And the matter of the Byakugō. She would need to start with storing up her chakra soon if she wanted to have it available as soon as possible. (She didn't dare to admit that she felt naked, empty without it. It was simply a seal, after all. Less of a body part than her own, dyed-brown hair. But to her, it wasn't just that. Hadn't been just that. The Byakugō had saved her, spared her from a fate she hadn't yet—couldn't have—accepted. So, how was she supposed to live without it now? What if she had to fight? What if she died? Again? Did she still want it? Could she still accept it like that time?)

But before she could even start creating the Byakugō, Sakura needed to figure out how to hide it.

• Bangs

She crossed it out. Bad idea. Too unreliable.

• Headband around forehead

That would work, but only once she actually got her headband. And a bandana or hairband would be too easy to get loose, too risky.

• Genjut

That wouldn't work either. Too much chakra consumption. Not possible with her reserves. She crossed it out before she even finished the thought. Next. What else?

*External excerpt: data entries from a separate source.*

lemma card_factorizations_mono_comp:
  assumes "fin_mono f" "is_comp u" "is_comp v"
  shows "card {gh \<in> factorizations f. mono_comp (fst gh) = u \<and> mono_comp (snd gh) = v}
       = count_list (qshuffles u v) (mono_comp f)"
  using assms
proof (induction f arbitrary: u v rule: fin_mono_min_induct)
  case zero
  have comp0: "mono_comp (\<lambda>_. NN 0) = []"
    by (simp add: mono_comp_def mono_supp_def)
  then have "{gh \<in> factorizations (\<lambda>_. NN 0). mono_comp (fst gh) = u \<and> mono_comp (snd gh) = v}
      = (if u = [] \<and> v = [] then {(\<lambda>_. NN 0, \<lambda>_. NN 0)} else {})"
    by (auto simp: factorizations_const_NN0)
  then show ?case
    by (simp add: comp0 count_qshuffles_Nil)
next
  case (upd f p0 x)
  have f_p0: "f p0 = NN 0"
    using upd.hyps(2) by (auto simp: mono_supp_def)
  let ?C = "\<lambda>gh. mono_comp (fst gh) = u \<and> mono_comp (snd gh) = v"
  let ?B = "\<lambda>(p, q). {gh \<in> factorizations f. match_nz p u \<and> match_nz q v
      \<and> mono_comp (fst gh) = rest_nz p u \<and> mono_comp (snd gh) = rest_nz q v}"
  have "{gh \<in> factorizations (f(p0 := x)). ?C gh}
      = upd_pair p0 ` {y \<in> tadd_decomps x \<times> factorizations f. ?C (upd_pair p0 y)}"
    unfolding factorizations_fun_upd[of f p0, OF f_p0] by auto
  then have "card {gh \<in> factorizations (f(p0 := x)). ?C gh}
      = card (upd_pair p0 ` {y \<in> tadd_decomps x \<times> factorizations f. ?C (upd_pair p0 y)})"
    by simp
  also have "\<dots> = card {y \<in> tadd_decomps x \<times> factorizations f. ?C (upd_pair p0 y)}"
    by (intro card_image inj_on_subset[OF inj_on_upd_pair[of f p0, OF f_p0]]) auto
  also have "{y \<in> tadd_decomps x \<times> factorizations f. ?C (upd_pair p0 y)} = Sigma (tadd_decomps x) ?B"
    using mono_comp_upd_pair[OF _ upd.hyps(2)] by (auto simp: cons_nz_eq_iff)
  also have "card (Sigma (tadd_decomps x) ?B) = (\<Sum>pq\<in>tadd_decomps x. card (?B pq))"
    using finite_factorizations[OF upd.hyps(1)] by (intro card_SigmaI) (auto simp: finite_tadd_decomps)
  also have "\<dots> = (\<Sum>(p, q)\<in>tadd_decomps x. if match_nz p u \<and> match_nz q v
      then count_list (qshuffles (rest_nz p u) (rest_nz q v)) (mono_comp f) else 0)"
    using upd.IH[OF is_comp_rest_nz[OF upd.prems(1)] is_comp_rest_nz[OF upd.prems(2)]]
    by (intro sum.cong) auto
  also have "\<dots> = count_list (qshuffles u v) (mono_comp (f(p0 := x)))"
    using upd.hyps mono_comp_fun_upd[of f p0 x] count_qshuffles_Cons[OF upd.prems(1,2) upd.hyps(3)]
    by (simp add: fin_mono_iff cons_nz_def)
  finally show ?case .
qed

definition qshuffle_prod :: "(ntil list \<Rightarrow> 'k::comm_ring_1) \<Rightarrow> (ntil list \<Rightarrow> 'k) \<Rightarrow> ntil list \<Rightarrow> 'k" where
  "qshuffle_prod a b w = (\<Sum>(u, v)\<in>supp a \<times> supp b. a u * b v * of_nat (count_list (qshuffles u v) w))"

lemma mult_eq_sum_supp_times:
  fixes a :: "'a \<Rightarrow> 'k::comm_ring_1" and b :: "'b \<Rightarrow> 'k"
  assumes "finite (supp a)" "finite (supp b)"
  shows "a x * b y = (\<Sum>uv\<in>supp a \<times> supp b. if x = fst uv \<and> y = snd uv then a (fst uv) * b (snd uv) else 0)"
proof -
  have "(\<Sum>uv\<in>supp a \<times> supp b. if x = fst uv \<and> y = snd uv then a (fst uv) * b (snd uv) else 0)
      = (\<Sum>uv\<in>supp a \<times> supp b. if uv = (x, y) then a (fst uv) * b (snd uv) else 0)"
    by (intro sum.cong) auto
  also have "\<dots> = a x * b y"
    using assms by (simp add: sum.delta' supp_def)
  finally show ?thesis ..
qed

lemma ps_mult_realize:
  assumes a: "a \<in> Wvec" and b: "b \<in> Wvec"
  shows "ps_mult (realize a) (realize b) f = (if fin_mono f then qshuffle_prod a b (mono_comp f) else 0)"
proof (cases "fin_mono f")
  case False
  then show ?thesis
    using factorizations_not_fin_mono by (simp add: ps_mult_def factorizations_def[symmetric])
next
  case True
  let ?A = "supp a \<times> supp b"
  let ?C = "\<lambda>gh uv. mono_comp (fst gh) = fst uv \<and> mono_comp (snd gh) = snd uv"
  have "ps_mult (realize a) (realize b) f = (\<Sum>gh\<in>factorizations f. a (mono_comp (fst gh)) * b (mono_comp (snd gh)))"
    unfolding ps_mult_def factorizations_def[symmetric]
    by (intro sum.cong) (auto simp: realize_eq[OF a] realize_eq[OF b] factorizations_def)
  also have "\<dots> = (\<Sum>gh\<in>factorizations f. \<Sum>uv\<in>?A. if ?C gh uv then a (fst uv) * b (snd uv) else 0)"
    using a b by (intro sum.cong refl mult_eq_sum_supp_times Wvec_finite_supp)
  also have "\<dots> = (\<Sum>uv\<in>?A. a (fst uv) * b (snd uv) * of_nat (card {gh \<in> factorizations f. ?C gh uv}))"
    using finite_factorizations[OF True]
    by (subst sum.swap) (simp add: sum.If_cases Int_def mult.commute)
  also have "\<dots> = qshuffle_prod a b (mono_comp f)"
    unfolding qshuffle_prod_def using True Wvec_supp_is_comp[OF a] Wvec_supp_is_comp[OF b]
    by (intro sum.cong) (auto simp: card_factorizations_mono_comp)
  finally show ?thesis
    using True by simp
qed

lemma qshuffle_prod_eq:
  "qshuffle_prod a b = (\<lambda>w. \<Sum>uv\<in>supp a \<times> supp b. a (fst uv) * b (snd uv) * of_nat (count_list (qshuffles (fst uv) (snd uv)) w))"
  by (simp add: fun_eq_iff qshuffle_prod_def split_def)

lemma phi_qshuffle_prod:
  assumes a: "a \<in> Wvec" and b: "b \<in> Wvec"
  shows "phi (qshuffle_prod a b) = qshuffle_prod (phi a) (phi b)"
proof
  fix w
  let ?count = "\<lambda>u v. of_nat (count_list (qshuffles u v) w)"
  have fin: "finite (supp a \<times> supp b)"
    using a b by (simp add: Wvec_finite_supp)
  have "phi (qshuffle_prod a b) w
      = (\<Sum>uv\<in>supp a \<times> supp b. a (fst uv) * b (snd uv) * (\<Sum>d\<leftarrow>qshuffles (fst uv) (snd uv). phi_basis d w))"
    unfolding qshuffle_prod_eq by (rule phi_count_list_combination[OF fin])
  also have "\<dots> = (\<Sum>uv\<in>supp a \<times> supp b.
      a (fst uv) * b (snd uv) * (phi_coeff (fst uv) * phi_coeff (snd uv) * ?count (bar (fst uv)) (bar (snd uv))))"
    using Wvec_supp_is_comp[OF a] Wvec_supp_is_comp[OF b]
    by (intro sum.cong) (auto simp: sum_phi_basis_qshuffles)
  also have "\<dots> = (\<Sum>u\<in>supp a. a u * phi_coeff u * (\<Sum>v\<in>supp b. b v * phi_coeff v * ?count (bar u) (bar v)))"
    by (simp add: sum.cartesian_product split_def sum_distrib_left mult_ac)
  also have "\<dots> = (\<Sum>u\<in>supp (phi a). phi a u * (\<Sum>v\<in>supp (phi b). phi b v * ?count u v))"
    by (simp add: sum_supp_phi[OF a] sum_supp_phi[OF b])
  also have "\<dots> = qshuffle_prod (phi a) (phi b) w"
    by (simp add: qshuffle_prod_def sum.cartesian_product[symmetric] sum_distrib_left mult.assoc)
  finally show "phi (qshuffle_prod a b) w = qshuffle_prod (phi a) (phi b) w" .
qed
theorem lemma4p13:
  fixes q b t n :: nat
  assumes "q \<ge> 2" and "b \<ge> 2" and "t \<ge> 1" and "n \<ge> (t + 1) * b - 1"
  defines "x \<equiv> replicate b 0 @ cyc 1 (n - b) q b"
      and "y \<equiv> replicate (b - 1) 0 @ [1] @ cyc 1 (n - b) q b"
  shows "int (card (Dset t b x \<inter> Dset t b y)) =
           int (Dmax q b (int n) (int t)) - int (Dmax q b (int n - int b) (int t))
           + int (Dmax q b (int n - int (q + 1) * int b) (int t - int q))
       \<and> int (Nminus q b n t) \<ge>
           int (Dmax q b (int n) (int t)) - int (Dmax q b (int n - int b) (int t))
           + int (Dmax q b (int n - int (q + 1) * int b) (int t - int q))"
proof -
  have "0 < b" "0 < q" "1 < q" "0 < t" and n: "(t + 1) * b \<le> n + 1"
    using assms(1-4) by auto
  then have "b \<le> n"
    using mult_le_mono1[of 2 "t + 1" b] by linarith
  with \<open>0 < b\<close> have x: "x = cyclic_window q b 0 n"
    by (simp add: x_def cyc_eq_cyclic_window replicate_append_cyclic_window)
  have y: "y = x[b - 1 := 1]"
    using replicate_append_update_last[OF \<open>0 < b\<close>, of 0 "cyc 1 (n - b) q b" 1]
    by (simp add: x_def y_def)
  have "x \<in> seqs q n" "y \<in> seqs q n"
    using cyclic_window_in_seqs[of q b 0 n] set_update_subset_insert[of x "b - 1" 1] \<open>1 < q\<close>
    by (auto simp: x y seqs_def)
  moreover have "x \<noteq> y"
  proof
    assume "x = y"
    then have "x ! (b - 1) = y ! (b - 1)" by simp
    with \<open>0 < b\<close> \<open>b \<le> n\<close> show False
      by (simp add: x y nth_cyclic_window)
  qed
  ultimately have "card (Dset t b x \<inter> Dset t b y) \<le> Nminus q b n t"
    by (rule card_inter_Dset_le_Nminus)
  with card_inter_Dset_cyclic_window_update[OF \<open>0 < b\<close> \<open>0 < q\<close> \<open>0 < t\<close> n] show ?thesis
    using \<open>0 < b\<close> \<open>0 < q\<close> by (simp add: x y Dmax_eq_Drec)
qed

end
text \<open>Augmented simplicial boundary:
  d[v_0<...<v_k] = sum_i (-1)^i [v_0..^v_i..v_k], with d[v] = [empty].\<close>

definition bd :: "nat set set \<Rightarrow> (nat set \<Rightarrow> 'k::field) \<Rightarrow> (nat set \<Rightarrow> 'k)" where
  "bd F f \<tau> = (\<Sum>v\<in>{v. v \<notin> \<tau> \<and> insert v \<tau> \<in> F}.
       (-1) ^ card {u\<in>\<tau>. u < v} * f (insert v \<tau>))"

definition fscale :: "'k::field \<Rightarrow> (nat set \<Rightarrow> 'k) \<Rightarrow> (nat set \<Rightarrow> 'k)" where
  "fscale c f = (\<lambda>x. c * f x)"

text \<open>dim_K of the reduced homology group H~_{k-1}(F;K) = ker d_k / im d_{k+1}.\<close>

definition red_betti :: "'k::field itself \<Rightarrow> nat set set \<Rightarrow> nat \<Rightarrow> nat" where
  "red_betti _ F k =
     vector_space.dim (fscale :: 'k \<Rightarrow> _) {f \<in> (chains F k :: (nat set \<Rightarrow> 'k) set). bd F f = 0}
     - vector_space.dim (fscale :: 'k \<Rightarrow> _) (bd F ` (chains F (Suc k) :: (nat set \<Rightarrow> 'k) set))"
lemma generate_eq_word_prods:
  assumes I: "I \<subseteq> S"
  shows "generate G I = word_prod G ` lists I"
proof
  have "lists I \<subseteq> lists S"
    using I by blast
  show "generate G I \<subseteq> word_prod G ` lists I"
  proof
    fix g assume "g \<in> generate G I"
    then show "g \<in> word_prod G ` lists I"
    proof (induction rule: generate.induct)
      case one
      show ?case
        using word_prod_Nil lists.Nil by (metis image_eqI)
    next
      case (incl s)
      then have "word_prod G [s] = s" "[s] \<in> lists I"
        using I by auto
      then show ?case
        by (metis image_eqI)
    next
      case (inv s)
      then have "word_prod G [s] = inv s" "[s] \<in> lists I"
        using I by (auto simp: inv_gen)
      then show ?case
        by (metis image_eqI)
    next
      case (eng g h)
      then obtain x y where "x \<in> lists I" "y \<in> lists I" "g = word_prod G x" "h = word_prod G y"
        by blast
      moreover have "x \<in> lists S" "y \<in> lists S"
        using calculation \<open>lists I \<subseteq> lists S\<close> by auto
      ultimately have "word_prod G (x @ y) = g \<otimes> h" "x @ y \<in> lists I"
        by auto
      then show ?case
        by (metis image_eqI)
    qed
  qed
  have "word_prod G w \<in> generate G I" if "w \<in> lists I" for w
    using that by (induction w) (auto intro: generate.one generate.eng generate.incl)
  then show "word_prod G ` lists I \<subseteq> generate G I"
    by blast
qed

lemma generate_subgroup: "I \<subseteq> S \<Longrightarrow> subgroup (generate G I) G"
  using generate_is_subgroup gens_closed by blast

lemma generate_closed: "I \<subseteq> S \<Longrightarrow> generate G I \<subseteq> carrier G"
  using generate_incl gens_closed by blast

lemma word_refls_closed: "w \<in> lists S \<Longrightarrow> set (word_refls G w) \<subseteq> carrier G"
  by (induction w) auto

lemma word_refls_in_generate:
  assumes I: "I \<subseteq> S" and w: "w \<in> lists I"
  shows "set (word_refls G w) \<subseteq> generate G I"
  using w by (induction w)
    (auto intro: conjug_mem_subgroup[OF generate_subgroup[OF I]] generate.incl)
(* Let $F\subset A^*$ be a recurrent set and let $X\subset F$ be an $F$-thin set. The following conditions are equivalent: (i) $X$ is an $F$-maximal bifix code; (ii) $X$ is a prefix code which is left $F$-complete; (ii') $X$ is a suffix code which is right $F$-complete; (iii) $X$ is both an $F$-maximal prefix code and an $F$-maximal suffix code.
   Context: $A$ is a finite alphabet, $A^*$ the free monoid, $1$ the empty word, $A^+=A^*\setminus\{1\}$. A set $F\subset A^*$ is factorial if it is nonempty and contains all factors of its elements; it is recurrent if it is factorial and for all $u,w\in F$ there is $v\in F$ with $uvw\in F$. A prefix code is a set $X\subset A^+$ in which no element is a proper prefix of another; a suffix code is defined symmetrically; a bifix code is both. For $X\subset F$: $X$ is an $F$-maximal prefix (resp. suffix, bifix) code if it is a prefix (resp. suffix, bifix) code not properly contained in any prefix (resp. suffix, bifix) code $Y\subset F$. $X$ is $F$-thin if some word of $F$ is not a factor of any word of $X$. $X$ is right $F$-complete if every word of $F$ is a prefix of a word of $X^*$, and left $F$-complete if every word of $F$ is a suffix of a word of $X^*$. *)

theory Defs
  imports Main "HOL-Library.Sublist"
begin

definition factor :: "'a list \<Rightarrow> 'a list \<Rightarrow> bool" where
  "factor u w \<longleftrightarrow> (\<exists>p s. w = p @ u @ s)"

definition factorial :: "'a set \<Rightarrow> 'a list set \<Rightarrow> bool" where
  "factorial A F \<longleftrightarrow> F \<subseteq> lists A \<and> F \<noteq> {} \<and>
     (\<forall>w\<in>F. \<forall>u. factor u w \<longrightarrow> u \<in> F)"

definition recurrent :: "'a set \<Rightarrow> 'a list set \<Rightarrow> bool" where
  "recurrent A F \<longleftrightarrow> factorial A F \<and>
     (\<forall>u\<in>F. \<forall>w\<in>F. \<exists>v\<in>F. u @ v @ w \<in> F)"

definition prefix_code :: "'a list set \<Rightarrow> bool" where
  "prefix_code X \<longleftrightarrow> [] \<notin> X \<and> (\<forall>x\<in>X. \<forall>y\<in>X. \<not> strict_prefix x y)"

definition suffix_code :: "'a list set \<Rightarrow> bool" where
  "suffix_code X \<longleftrightarrow> [] \<notin> X \<and> (\<forall>x\<in>X. \<forall>y\<in>X. \<not> strict_suffix x y)"

definition bifix_code :: "'a list set \<Rightarrow> bool" where
  "bifix_code X \<longleftrightarrow> prefix_code X \<and> suffix_code X"

definition F_maximal_prefix_code :: "'a list set \<Rightarrow> 'a list set \<Rightarrow> bool" where
  "F_maximal_prefix_code F X \<longleftrightarrow> X \<subseteq> F \<and> prefix_code X \<and>
     (\<forall>Y. X \<subseteq> Y \<and> Y \<subseteq> F \<and> prefix_code Y \<longrightarrow> Y = X)"

definition F_maximal_suffix_code :: "'a list set \<Rightarrow> 'a list set \<Rightarrow> bool" where
  "F_maximal_suffix_code F X \<longleftrightarrow> X \<subseteq> F \<and> suffix_code X \<and>
     (\<forall>Y. X \<subseteq> Y \<and> Y \<subseteq> F \<and> suffix_code Y \<longrightarrow> Y = X)"

definition F_maximal_bifix_code :: "'a list set \<Rightarrow> 'a list set \<Rightarrow> bool" where
  "F_maximal_bifix_code F X \<longleftrightarrow> X \<subseteq> F \<and> bifix_code X \<and>
     (\<forall>Y. X \<subseteq> Y \<and> Y \<subseteq> F \<and> bifix_code Y \<longrightarrow> Y = X)"

definition star :: "'a list set \<Rightarrow> 'a list set" where
  "star X = {concat xs | xs. set xs \<subseteq> X}"

definition F_thin :: "'a list set \<Rightarrow> 'a list set \<Rightarrow> bool" where
  "F_thin F X \<longleftrightarrow> (\<exists>w\<in>F. \<forall>x\<in>X. \<not> factor w x)"

definition right_F_complete :: "'a list set \<Rightarrow> 'a list set \<Rightarrow> bool" where
  "right_F_complete F X \<longleftrightarrow> (\<forall>w\<in>F. \<exists>z\<in>star X. prefix w z)"

definition left_F_complete :: "'a list set \<Rightarrow> 'a list set \<Rightarrow> bool" where
  "left_F_complete F X \<longleftrightarrow> (\<forall>w\<in>F. \<exists>z\<in>star X. suffix w z)"

end

theory Submission
  imports Defs
begin

(* The heart of the proof is the implication "(ii) implies (ii')": if F is recurrent and X is an
   F-thin prefix code which is left F-complete, then X is a suffix code and right F-complete.
   Fix a word W of F that is not a factor of any word of X.  For a word g, the set states W g
   collects the proper prefixes q of words of X such that some nonempty suffix of W followed by g
   factors as a word of X^* followed by q.  Since X is a prefix code, each suffix of W yields at
   most one such q, so states W g is finite, and appending h to g maps states W g onto
   states W (g h) by a partial function.  Hence the cardinality can only drop along right
   extensions; choosing g with W g in F of minimal cardinality, all further transitions are total
   and injective.  Totality yields right F-completeness, injectivity yields the suffix property.
   "(ii') implies (ii)" is the mirror image under word reversal.  Moreover a prefix code which is
   right F-complete is an F-maximal prefix code, and an F-maximal bifix code is left or right
   F-complete, since otherwise recurrence and thinness produce a word that can be added to X. *)

lemma factor_iff_sublist: "factor u w \<longleftrightarrow> sublist u w"
  by (simp add: factor_def sublist_def)

lemma concat_in_star: "set xs \<subseteq> X \<Longrightarrow> concat xs \<in> star X"
  by (auto simp: star_def)

lemma factorial_appendD:
  assumes "factorial A F" and "u @ v \<in> F"
  shows "u \<in> F" and "v \<in> F"
proof -
  have "factor u (u @ v)" "factor v (u @ v)"
    unfolding factor_iff_sublist by auto
  then show "u \<in> F" "v \<in> F" using assms unfolding factorial_def by blast+
qed

lemma recurrentD:
  assumes "recurrent A F" and "u \<in> F" and "w \<in> F"
  obtains v where "u @ v @ w \<in> F"
  using assms unfolding recurrent_def by blast

section \<open>Word reversal exchanges prefixes and suffixes\<close>

text \<open>All notions of the theorem come in a prefix and a suffix version, which are exchanged by
  reversing all words; this halves the work.\<close>

lemma star_rev: "star (rev ` X) = rev ` star X"
proof
  show "star (rev ` X) \<subseteq> rev ` star X"
  proof
    fix z assume "z \<in> star (rev ` X)"
    then obtain xs where xs: "z = concat xs" "set xs \<subseteq> rev ` X" by (auto simp: star_def)
    have "rev z = concat (map rev (rev xs))" by (simp add: xs rev_concat)
    moreover have "set (map rev (rev xs)) \<subseteq> X" using xs(2) by auto
    ultimately have "rev z \<in> star X" by (metis concat_in_star)
    then show "z \<in> rev ` star X" by (metis image_eqI rev_rev_ident)
  qed
next
  show "rev ` star X \<subseteq> star (rev ` X)"
  proof
    fix z assume "z \<in> rev ` star X"
    then obtain xs where xs: "z = rev (concat xs)" "set xs \<subseteq> X" by (auto simp: star_def)
    have "z = concat (map rev (rev xs))" by (simp add: xs rev_concat)
    moreover have "set (map rev (rev xs)) \<subseteq> rev ` X" using xs(2) by auto
    ultimately show "z \<in> star (rev ` X)" by (metis concat_in_star)
  qed
qed

lemma prefix_code_rev: "prefix_code (rev ` X) \<longleftrightarrow> suffix_code X"
  unfolding prefix_code_def suffix_code_def by (auto simp: strict_suffix_to_prefix)

lemma suffix_code_rev: "suffix_code (rev ` X) \<longleftrightarrow> prefix_code X"
  using prefix_code_rev[of "rev ` X"] by (simp add: image_image)

lemma left_complete_rev: "left_F_complete (rev ` F) (rev ` X) \<longleftrightarrow> right_F_complete F X"
  unfolding left_F_complete_def right_F_complete_def star_rev by (auto simp: suffix_to_prefix)

lemma right_complete_rev: "right_F_complete (rev ` F) (rev ` X) \<longleftrightarrow> left_F_complete F X"
  using left_complete_rev[of "rev ` F" "rev ` X"] by (simp add: image_image)

lemma thin_rev: "F_thin (rev ` F) (rev ` X) \<longleftrightarrow> F_thin F X"
  unfolding F_thin_def factor_iff_sublist by (auto simp: sublist_rev_left)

• Prevent symbol from showing up

Too complicated and not worth the risk of failing and losing years of work.

• makeup

Not suited for training. Sweat would cause it to dissolve.

waterproof makeup?

No.

Sakura paused.

The only other thing she could come up with was rather bizarre.

• change placement of seal

Sakura already had experience dealing with it; she had already gone through the process once. The actual seal was a bit tricky to move, and the forehead was chosen precisely because it was easiest to direct chakra there. What that meant for her? Moving the Byakugō wasn't impossible, just impossibly hard.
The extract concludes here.